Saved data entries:
★ ★ ★ ★

(* Suppose that either $r>\dfrac{\beta b}{m+\mu}$, or $\beta b(r-n)+rn(m+\mu)>0$. Then system (S) has an equilibrium of the form $E_5=\big(0,\,\tfrac{b}{m+\mu},\,M_5,\,N_5\big)$ with $M_5>0$ and $N_5>0$.
   Context: The model (S) is the system of ODEs for healthy bees $B$, infected bees $I$, healthy mites $M$ and infected mites $N$: $$B'=b\frac{B}{B+I}-\lambda BN-\gamma BI-mB,$$ $$I'=b\frac{I}{B+I}+\lambda BN+\gamma BI-(m+\mu)I,$$ $$M'=r\Big(1-\frac{M+N}{K}\Big)(M+N)-\beta MI-\delta MN-eMB,$$ $$N'=-nN-pN(N+M)+\beta MI+\delta MN-eNB,$$ where all parameters $b,\lambda,\gamma,m,\mu,r,K,\beta,\delta,e,n,p$ are positive constants. *)

theory Defs
  imports Complex_Main
begin

definition S_field ::
  "real \<Rightarrow> real \<Rightarrow> real \<Rightarrow> real \<Rightarrow> real \<Rightarrow> real \<Rightarrow> real \<Rightarrow> real \<Rightarrow> real \<Rightarrow> real \<Rightarrow> real \<Rightarrow> real
   \<Rightarrow> real \<times> real \<times> real \<times> real \<Rightarrow> real \<times> real \<times> real \<times> real" where
  "S_field b lam gam m mu r K beta delta e n p = (\<lambda>(B, I, M, N).
     ( b * B / (B + I) - lam * B * N - gam * B * I - m * B,
       b * I / (B + I) + lam * B * N + gam * B * I - (m + mu) * I,
       r * (1 - (M + N) / K) * (M + N) - beta * M * I - delta * M * N - e * M * B,
       - n * N - p * N * (N + M) + beta * M * I + delta * M * N - e * N * B))"

definition S_equilibrium ::
  "real \<Rightarrow> real \<Rightarrow> real \<Rightarrow> real \<Rightarrow> real \<Rightarrow> real \<Rightarrow> real \<Rightarrow> real \<Rightarrow> real \<Rightarrow> real \<Rightarrow> real \<Rightarrow> real
   \<Rightarrow> real \<times> real \<times> real \<times> real \<Rightarrow> bool" where
  "S_equilibrium b lam gam m mu r K beta delta e n p x \<longleftrightarrow>
     S_field b lam gam m mu r K beta delta e n p x = (0, 0, 0, 0)"

end

theory Submission
  imports Defs
begin

text \<open>With no healthy bees the bee equations force \<open>I = b/(m+\<mu>)\<close>, and the mite equations
  become a system with constant infection pressure \<open>c = \<beta>I\<close>. Adding them shows that the
  total mite load \<open>T = M + N\<close> determines \<open>N = rT(1 - T/K)/(n + pT)\<close>; substituting back gives
  one scalar equation for \<open>T\<close>, whose left side is negative at \<open>K\<close> and, under the
  hypothesis, positive at \<open>0\<close>. A root strictly between \<open>0\<close> and \<open>K\<close> gives \<open>M, N > 0\<close>.\<close>

definition mite_balance ::
  "real \<Rightarrow> real \<Rightarrow> real \<Rightarrow> real \<Rightarrow> real \<Rightarrow> real \<Rightarrow> real \<Rightarrow> real \<Rightarrow> bool" where
  "mite_balance r K c delta n p M N \<longleftrightarrow>
     r * (1 - (M + N) / K) * (M + N) - c * M - delta * M * N = 0 \<and>
     - n * N - p * N * (N + M) + c * M + delta * M * N = 0"

text \<open>Obtained from \<open>M (c + \<delta>N) = N (n + pT)\<close> with \<open>M = T - N\<close>, \<open>N = rT(1 - T/K)/(n + pT)\<close>,
  after clearing the denominator \<open>(n + pT)\<^sup>2\<close> and dividing by \<open>T\<close>.\<close>
definition mite_total_poly ::
  "real \<Rightarrow> real \<Rightarrow> real \<Rightarrow> real \<Rightarrow> real \<Rightarrow> real \<Rightarrow> real \<Rightarrow> real" where
  "mite_total_poly r K c delta n p T =
     r * (1 - T / K) * (n + p * T)\<^sup>2
     - ((n + p * T) - r * (1 - T / K)) * (c * (n + p * T) + delta * (r * T * (1 - T / K)))"

lemma S_equilibrium_no_healthy_bees:
  assumes "I > 0" "(m + mu) * I = b" "mite_balance r K (beta * I) delta n p M N"
  shows "S_equilibrium b lam gam m mu r K beta delta e n p (0, I, M, N)"
  using assms unfolding S_equilibrium_def S_field_def mite_balance_def
  by (simp add: algebra_simps)

lemma mite_total_poly_root_exists:
  assumes "c > 0" "K > 0" "n > 0" "p > 0" "c * (r - n) + r * n > 0"
  shows "\<exists>T. 0 < T \<and> T < K \<and> mite_total_poly r K c delta n p T = 0"
proof -
  let ?q = "mite_total_poly r K c delta n p"
  have "?q 0 = n * (c * (r - n) + r * n)"
    by (simp add: mite_total_poly_def power2_eq_square algebra_simps)
  with assms have q0: "?q 0 > 0" by simp
  have "?q K = - c * (n + p * K)\<^sup>2"
    using assms(2) by (simp add: mite_total_poly_def power2_eq_square algebra_simps)
  moreover have "n + p * K > 0" using assms by (simp add: add_pos_pos)
  ultimately have qK: "?q K < 0" using assms(1) by (simp add: mult_pos_pos)
  have "\<exists>T\<ge>0. T \<le> K \<and> ?q T = 0"
    by (rule IVT2) (use q0 qK assms in \<open>auto simp: mite_total_poly_def intro!: continuous_intros\<close>)
  then obtain T where "0 \<le> T" "T \<le> K" "?q T = 0" by blast
  moreover from this q0 qK have "T \<noteq> 0" "T \<noteq> K" by auto
  ultimately show ?thesis by (metis order.order_iff_strict)
qed

lemma mite_balance_from_root:
  assumes "c > 0" "delta > 0" "r > 0" "K > 0" "n > 0" "p > 0"
    and "0 < T" "T < K" "mite_total_poly r K c delta n p T = 0"
  obtains M N where "M > 0" "N > 0" "mite_balance r K c delta n p M N"
proof -
  define D where "D = n + p * T"
  define A where "A = r * T * (1 - T / K)"
  define N where "N = A / D"
  define M where "M = T - N"
  have D_pos: "D > 0" and A_pos: "A > 0"
    using assms unfolding D_def A_def by (simp_all add: add_pos_pos)
  have N_pos: "N > 0" unfolding N_def using A_pos D_pos by simp
  have sum: "M + N = T" unfolding M_def by simp
  have "A * D\<^sup>2 - (T * D - A) * (c * D + delta * A) = T * mite_total_poly r K c delta n p T"
    unfolding mite_total_poly_def A_def D_def using assms(4)
    by (simp add: field_simps power2_eq_square)
  then have cleared: "(T * D - A) * (c * D + delta * A) = A * D\<^sup>2"
    using assms(9) by simp
  have balance: "M * (c + delta * N) = N * D"
  proof -
    have "M * (c + delta * N) = (T * D - A) * (c * D + delta * A) / D\<^sup>2"
      unfolding M_def N_def using D_pos by (simp add: field_simps power2_eq_square)
    also have "\<dots> = N * D" unfolding cleared N_def using D_pos by (simp add: power2_eq_square)
    finally show ?thesis .
  qed
  have "M * (c + delta * N) > 0" unfolding balance using N_pos D_pos by simp
  moreover have "c + delta * N > 0" using assms N_pos by (simp add: add_pos_pos)
  ultimately have M_pos: "M > 0" by (simp add: zero_less_mult_iff)
  have "A = N * D" unfolding N_def using D_pos by simp
  then have "mite_balance r K c delta n p M N"
    using balance sum unfolding mite_balance_def A_def D_def by (simp add: algebra_simps)
  with M_pos N_pos show thesis by (rule that)
qed

lemma infection_pressure_condition:
  fixes beta b m mu n r :: real
  assumes "beta > 0" "b > 0" "m + mu > 0" "n > 0"
    and "r > beta * b / (m + mu) \<or> beta * b * (r - n) + r * n * (m + mu) > 0"
  shows "beta * (b / (m + mu)) * (r - n) + r * n > 0"
  using assms(5)
proof
  define c where "c = beta * (b / (m + mu))"
  assume "r > beta * b / (m + mu)"
  then have "r > c" unfolding c_def by simp
  moreover have "c > 0" unfolding c_def using assms by simp
  ultimately have "n * (r - c) > 0" "c * r > 0" using assms(4) by simp_all
  then show ?thesis unfolding c_def[symmetric] by (simp add: algebra_simps)
next
  assume "beta * b * (r - n) + r * n * (m + mu) > 0"
  moreover have "beta * (b / (m + mu)) * (r - n) + r * n
      = (beta * b * (r - n) + r * n * (m + mu)) / (m + mu)"
    using assms(3) by (simp add: field_simps)
  ultimately show ?thesis using assms(3) by simp
qed

theorem mainTheorem3:
  fixes b lam gam m mu r K beta delta e n p :: real
  assumes "b > 0" "lam > 0" "gam > 0" "m > 0" "mu > 0" "r > 0" "K > 0"
    "beta > 0" "delta > 0" "e > 0" "n > 0" "p > 0"
  assumes "r > beta * b / (m + mu) \<or> beta * b * (r - n) + r * n * (m + mu) > 0"
  shows "\<exists>M5 N5. M5 > 0 \<and> N5 > 0 \<and>
           S_equilibrium b lam gam m mu r K beta delta e n p (0, b / (m + mu), M5, N5)"
proof -
  define I where "I = b / (m + mu)"
  have "m + mu > 0" using assms by simp
  then have I_pos: "I > 0" and I_eq: "(m + mu) * I = b" and c_pos: "beta * I > 0"
    using assms unfolding I_def by simp_all
  have "beta * I * (r - n) + r * n > 0"
    unfolding I_def by (rule infection_pressure_condition) (use assms in simp_all)
  then obtain T where "0 < T" "T < K" "mite_total_poly r K (beta * I) delta n p T = 0"
    using mite_total_poly_root_exists[OF c_pos \<open>K > 0\<close> \<open>n > 0\<close> \<open>p > 0\<close>] by blast
  then obtain M N where "M > 0" "N > 0" "mite_balance r K (beta * I) delta n p M N"
    using mite_balance_from_root[OF c_pos \<open>delta > 0\<close> \<open>r > 0\<close> \<open>K > 0\<close> \<open>n > 0\<close> \<open>p > 0\<close>]
    by blast
  then show ?thesis
    using S_equilibrium_no_healthy_bees[OF I_pos I_eq] unfolding I_def by blast
qed

end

★ ★ ★ ★

-- Action item --
From the data, list each line in which the string "auto" appears.

-- Solved exercise --
    by (rule IVT2) (use q0 qK assms in \<open>auto simp: mite_total_poly_def intro!: continuous_intros\<close>)
  moreover from this q0 qK have "T \<noteq> 0" "T \<noteq> K" by auto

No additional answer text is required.